• **ACTIVITY**
Copy all of the records word for word.

Collected data:
(* Let $\mathcal{C}$ be a $\Bbbk$-linear Krull--Remak--Schmidt--Azumaya category all of whose endomorphism rings are artinian, and let $\mathcal{I}$ be an admissible ideal of $\mathcal{C}$. Then $\mathsf{Rad}(\mathcal{C}/\mathcal{I})=\mathsf{Rad}(\mathcal{C})/\mathcal{I}$, i.e. for all objects $X,Y$, $\mathsf{Rad}_{\mathcal{C}/\mathcal{I}}(X,Y)$ equals the image of $\mathsf{Rad}_{\mathcal{C}}(X,Y)$ in $\Hom_{\mathcal{C}}(X,Y)/\mathcal{I}(X,Y)$.
   Context: $\Bbbk$ is an algebraically closed field of characteristic $0$. The radical of a category $\mathcal{D}$: $\mathsf{Rad}_{\mathcal{D}}(X,Y)=\{f\in\Hom_{\mathcal{D}}(X,Y)\mid f\circ g\in\mathsf{J}(\End_{\mathcal{D}}(Y))\ \forall g\in\Hom_{\mathcal{D}}(Y,X)\}$, with $\mathsf{J}$ the Jacobson radical. $\mathcal{C}/\mathcal{I}$ has the objects of $\mathcal{C}$ and $\Hom_{\mathcal{C}/\mathcal{I}}(X,Y)=\Hom_{\mathcal{C}}(X,Y)/\mathcal{I}(X,Y)$. Krull--Remak--Schmidt--Azumaya: every object is isomorphic to an arbitrary direct sum of objects with local endomorphism rings, uniquely up to isomorphism. An ideal $\mathcal{I}$ is admissible if (1) every $f\in\mathcal{I}$ can be written $f=g_n\circ\cdots\circ g_1$ for finitely many morphisms $g_i$ none of which lies in $\mathcal{I}$, and (2) for each indecomposable $X$, $\End_{\mathcal{C}}(X)/\mathcal{I}(X,X)$ is finite-dimensional. *)

theory Defs
  imports "HOL-Algebra.Ideal"
begin

definition left_ideal :: "('a, 'b) ring_scheme \<Rightarrow> 'a set \<Rightarrow> bool" where
  "left_ideal R L \<longleftrightarrow> additive_subgroup L R \<and>
     (\<forall>x\<in>carrier R. \<forall>a\<in>L. x \<otimes>\<^bsub>R\<^esub> a \<in> L)"

definition right_ideal :: "('a, 'b) ring_scheme \<Rightarrow> 'a set \<Rightarrow> bool" where
  "right_ideal R L \<longleftrightarrow> additive_subgroup L R \<and>
     (\<forall>x\<in>carrier R. \<forall>a\<in>L. a \<otimes>\<^bsub>R\<^esub> x \<in> L)"

definition maximal_left_ideal :: "('a, 'b) ring_scheme \<Rightarrow> 'a set \<Rightarrow> bool" where
  "maximal_left_ideal R L \<longleftrightarrow> left_ideal R L \<and> L \<noteq> carrier R \<and>
     (\<forall>L'. left_ideal R L' \<and> L \<subseteq> L' \<longrightarrow> L' = L \<or> L' = carrier R)"

definition jacobson :: "('a, 'b) ring_scheme \<Rightarrow> 'a set" where
  "jacobson R = {x \<in> carrier R. \<forall>L. maximal_left_ideal R L \<longrightarrow> x \<in> L}"
definition orthonormal_eigensystem ::
    "complex^'n^'n \<Rightarrow> (complex^'n) set \<Rightarrow> (complex^'n \<Rightarrow> real) \<Rightarrow> bool" where
  "orthonormal_eigensystem H E lam \<longleftrightarrow>
     orthonormal E \<and> (\<forall>v\<in>E. H *v v = of_real (lam v) *s v)"

definition eigenbasis :: "complex^'n^'n \<Rightarrow> (complex^'n) set \<Rightarrow> (complex^'n \<Rightarrow> real) \<Rightarrow> bool" where
  "eigenbasis H E lam \<longleftrightarrow> orthonormal_eigensystem H E lam \<and> (\<forall>x. x = (\<Sum>v\<in>E. cinner v x *s v))"

lemma inner_eq_Re_cinner: "inner x y = Re (cinner x y)"
  by (simp add: inner_vec_def cinner_def inner_complex_def)

lemma orthonormal_finite_card_le:
  fixes E :: "(complex^'n) set"
  assumes "orthonormal E"
  shows "finite E" "card E \<le> DIM(complex^'n)"
proof -
  have "pairwise orthogonal E"
    using assms by (auto simp: orthonormal_def pairwise_def orthogonal_def inner_eq_Re_cinner)
  moreover have "0 \<notin> E"
    using assms by (force simp: orthonormal_def)
  ultimately show "finite E" "card E \<le> DIM(complex^'n)"
    using independent_bound pairwise_orthogonal_independent by blast+
qed

lemma orthonormal_sum_cinner:
  assumes "orthonormal E" "u \<in> E"
  shows "(\<Sum>v\<in>E. c v * cinner u v) = c u"
proof -
  have "(\<Sum>v\<in>E. c v * cinner u v) = (\<Sum>v\<in>E. if u = v then c v else 0)"
    using assms by (intro sum.cong) (auto simp: orthonormal_def)
  also have "\<dots> = c u"
    using assms orthonormal_finite_card_le(1)[OF assms(1)] by simp
  finally show ?thesis .
qed

lemma continuous_on_Re_qform: "continuous_on UNIV (\<lambda>y. Re (qform H y))"
  unfolding qform_def matrix_vector_mult_def
  by (intro continuous_intros linear_continuous_on bounded_linear_vec_nth)

lemma scaleR_eq_of_real_scale: "r *\<^sub>R (x::complex^'n) = of_real r *s x"
  by (simp only: vec_eq_iff scaleR_vec_def vector_scalar_mult_def vec_lambda_beta scaleR_conv_of_real) simp

lemma qform_attains_min_on_unit_cone:
  fixes W :: "(complex^'n) set"
  assumes "closed W" and "w \<in> W" and "w \<noteq> 0" and scale: "\<And>c y. y \<in> W \<Longrightarrow> c *s y \<in> W"
  obtains x0 where "x0 \<in> W" "norm x0 = 1"
    "\<And>y. y \<in> W \<Longrightarrow> Re (qform H x0) * (norm y)\<^sup>2 \<le> Re (qform H y)"
proof -
  have unit: "(1 / norm y) *\<^sub>R y \<in> W \<inter> sphere 0 1" if "y \<in> W" "y \<noteq> 0" for y
  proof -
    have "(1 / norm y) *\<^sub>R y \<in> W"
      unfolding scaleR_eq_of_real_scale using scale that(1) .
    then show ?thesis using that(2) by simp
  qed
  have "compact (W \<inter> sphere 0 1)"
    using \<open>closed W\<close> by (intro closed_Int_compact compact_sphere)
  moreover have "W \<inter> sphere 0 1 \<noteq> {}"
    using unit[OF \<open>w \<in> W\<close> \<open>w \<noteq> 0\<close>] by blast
  ultimately obtain x0 where x0: "x0 \<in> W \<inter> sphere 0 1"
    and min: "\<And>y. y \<in> W \<inter> sphere 0 1 \<Longrightarrow> Re (qform H x0) \<le> Re (qform H y)"
    using continuous_attains_inf continuous_on_subset[OF continuous_on_Re_qform] by (metis subset_UNIV)
  have bound: "Re (qform H x0) * (norm y)\<^sup>2 \<le> Re (qform H y)" if "y \<in> W" for y
  proof (cases "y = 0")
    case False
    have "Re (qform H x0) \<le> Re (qform H ((1 / norm y) *\<^sub>R y))"
      using min unit[OF that False] by blast
    also have "\<dots> = Re (qform H y) / (norm y)\<^sup>2"
      by (simp add: scaleR_eq_of_real_scale qform_eq_cinner power2_eq_square)
    finally show ?thesis
      using False by (simp add: pos_le_divide_eq)
  qed (simp add: qform_eq_cinner)
  with x0 show ?thesis by (intro that) auto
qed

• **FINAL ANSWER**
(* Let $\mathcal{C}$ be a $\Bbbk$-linear Krull--Remak--Schmidt--Azumaya category all of whose endomorphism rings are artinian, and let $\mathcal{I}$ be an admissible ideal of $\mathcal{C}$. Then $\mathsf{Rad}(\mathcal{C}/\mathcal{I})=\mathsf{Rad}(\mathcal{C})/\mathcal{I}$, i.e. for all objects $X,Y$, $\mathsf{Rad}_{\mathcal{C}/\mathcal{I}}(X,Y)$ equals the image of $\mathsf{Rad}_{\mathcal{C}}(X,Y)$ in $\Hom_{\mathcal{C}}(X,Y)/\mathcal{I}(X,Y)$.
   Context: $\Bbbk$ is an algebraically closed field of characteristic $0$. The radical of a category $\mathcal{D}$: $\mathsf{Rad}_{\mathcal{D}}(X,Y)=\{f\in\Hom_{\mathcal{D}}(X,Y)\mid f\circ g\in\mathsf{J}(\End_{\mathcal{D}}(Y))\ \forall g\in\Hom_{\mathcal{D}}(Y,X)\}$, with $\mathsf{J}$ the Jacobson radical. $\mathcal{C}/\mathcal{I}$ has the objects of $\mathcal{C}$ and $\Hom_{\mathcal{C}/\mathcal{I}}(X,Y)=\Hom_{\mathcal{C}}(X,Y)/\mathcal{I}(X,Y)$. Krull--Remak--Schmidt--Azumaya: every object is isomorphic to an arbitrary direct sum of objects with local endomorphism rings, uniquely up to isomorphism. An ideal $\mathcal{I}$ is admissible if (1) every $f\in\mathcal{I}$ can be written $f=g_n\circ\cdots\circ g_1$ for finitely many morphisms $g_i$ none of which lies in $\mathcal{I}$, and (2) for each indecomposable $X$, $\End_{\mathcal{C}}(X)/\mathcal{I}(X,X)$ is finite-dimensional. *)

theory Defs
  imports "HOL-Algebra.Ideal"
begin

definition left_ideal :: "('a, 'b) ring_scheme \<Rightarrow> 'a set \<Rightarrow> bool" where
  "left_ideal R L \<longleftrightarrow> additive_subgroup L R \<and>
     (\<forall>x\<in>carrier R. \<forall>a\<in>L. x \<otimes>\<^bsub>R\<^esub> a \<in> L)"

definition right_ideal :: "('a, 'b) ring_scheme \<Rightarrow> 'a set \<Rightarrow> bool" where
  "right_ideal R L \<longleftrightarrow> additive_subgroup L R \<and>
     (\<forall>x\<in>carrier R. \<forall>a\<in>L. a \<otimes>\<^bsub>R\<^esub> x \<in> L)"

definition maximal_left_ideal :: "('a, 'b) ring_scheme \<Rightarrow> 'a set \<Rightarrow> bool" where
  "maximal_left_ideal R L \<longleftrightarrow> left_ideal R L \<and> L \<noteq> carrier R \<and>
     (\<forall>L'. left_ideal R L' \<and> L \<subseteq> L' \<longrightarrow> L' = L \<or> L' = carrier R)"

definition jacobson :: "('a, 'b) ring_scheme \<Rightarrow> 'a set" where
  "jacobson R = {x \<in> carrier R. \<forall>L. maximal_left_ideal R L \<longrightarrow> x \<in> L}"
definition orthonormal_eigensystem ::
    "complex^'n^'n \<Rightarrow> (complex^'n) set \<Rightarrow> (complex^'n \<Rightarrow> real) \<Rightarrow> bool" where
  "orthonormal_eigensystem H E lam \<longleftrightarrow>
     orthonormal E \<and> (\<forall>v\<in>E. H *v v = of_real (lam v) *s v)"

definition eigenbasis :: "complex^'n^'n \<Rightarrow> (complex^'n) set \<Rightarrow> (complex^'n \<Rightarrow> real) \<Rightarrow> bool" where
  "eigenbasis H E lam \<longleftrightarrow> orthonormal_eigensystem H E lam \<and> (\<forall>x. x = (\<Sum>v\<in>E. cinner v x *s v))"

lemma inner_eq_Re_cinner: "inner x y = Re (cinner x y)"
  by (simp add: inner_vec_def cinner_def inner_complex_def)

lemma orthonormal_finite_card_le:
  fixes E :: "(complex^'n) set"
  assumes "orthonormal E"
  shows "finite E" "card E \<le> DIM(complex^'n)"
proof -
  have "pairwise orthogonal E"
    using assms by (auto simp: orthonormal_def pairwise_def orthogonal_def inner_eq_Re_cinner)
  moreover have "0 \<notin> E"
    using assms by (force simp: orthonormal_def)
  ultimately show "finite E" "card E \<le> DIM(complex^'n)"
    using independent_bound pairwise_orthogonal_independent by blast+
qed

lemma orthonormal_sum_cinner:
  assumes "orthonormal E" "u \<in> E"
  shows "(\<Sum>v\<in>E. c v * cinner u v) = c u"
proof -
  have "(\<Sum>v\<in>E. c v * cinner u v) = (\<Sum>v\<in>E. if u = v then c v else 0)"
    using assms by (intro sum.cong) (auto simp: orthonormal_def)
  also have "\<dots> = c u"
    using assms orthonormal_finite_card_le(1)[OF assms(1)] by simp
  finally show ?thesis .
qed

lemma continuous_on_Re_qform: "continuous_on UNIV (\<lambda>y. Re (qform H y))"
  unfolding qform_def matrix_vector_mult_def
  by (intro continuous_intros linear_continuous_on bounded_linear_vec_nth)

lemma scaleR_eq_of_real_scale: "r *\<^sub>R (x::complex^'n) = of_real r *s x"
  by (simp only: vec_eq_iff scaleR_vec_def vector_scalar_mult_def vec_lambda_beta scaleR_conv_of_real) simp

lemma qform_attains_min_on_unit_cone:
  fixes W :: "(complex^'n) set"
  assumes "closed W" and "w \<in> W" and "w \<noteq> 0" and scale: "\<And>c y. y \<in> W \<Longrightarrow> c *s y \<in> W"
  obtains x0 where "x0 \<in> W" "norm x0 = 1"
    "\<And>y. y \<in> W \<Longrightarrow> Re (qform H x0) * (norm y)\<^sup>2 \<le> Re (qform H y)"
proof -
  have unit: "(1 / norm y) *\<^sub>R y \<in> W \<inter> sphere 0 1" if "y \<in> W" "y \<noteq> 0" for y
  proof -
    have "(1 / norm y) *\<^sub>R y \<in> W"
      unfolding scaleR_eq_of_real_scale using scale that(1) .
    then show ?thesis using that(2) by simp
  qed
  have "compact (W \<inter> sphere 0 1)"
    using \<open>closed W\<close> by (intro closed_Int_compact compact_sphere)
  moreover have "W \<inter> sphere 0 1 \<noteq> {}"
    using unit[OF \<open>w \<in> W\<close> \<open>w \<noteq> 0\<close>] by blast
  ultimately obtain x0 where x0: "x0 \<in> W \<inter> sphere 0 1"
    and min: "\<And>y. y \<in> W \<inter> sphere 0 1 \<Longrightarrow> Re (qform H x0) \<le> Re (qform H y)"
    using continuous_attains_inf continuous_on_subset[OF continuous_on_Re_qform] by (metis subset_UNIV)
  have bound: "Re (qform H x0) * (norm y)\<^sup>2 \<le> Re (qform H y)" if "y \<in> W" for y
  proof (cases "y = 0")
    case False
    have "Re (qform H x0) \<le> Re (qform H ((1 / norm y) *\<^sub>R y))"
      using min unit[OF that False] by blast
    also have "\<dots> = Re (qform H y) / (norm y)\<^sup>2"
      by (simp add: scaleR_eq_of_real_scale qform_eq_cinner power2_eq_square)
    finally show ?thesis
      using False by (simp add: pos_le_divide_eq)
  qed (simp add: qform_eq_cinner)
  with x0 show ?thesis by (intro that) auto
qed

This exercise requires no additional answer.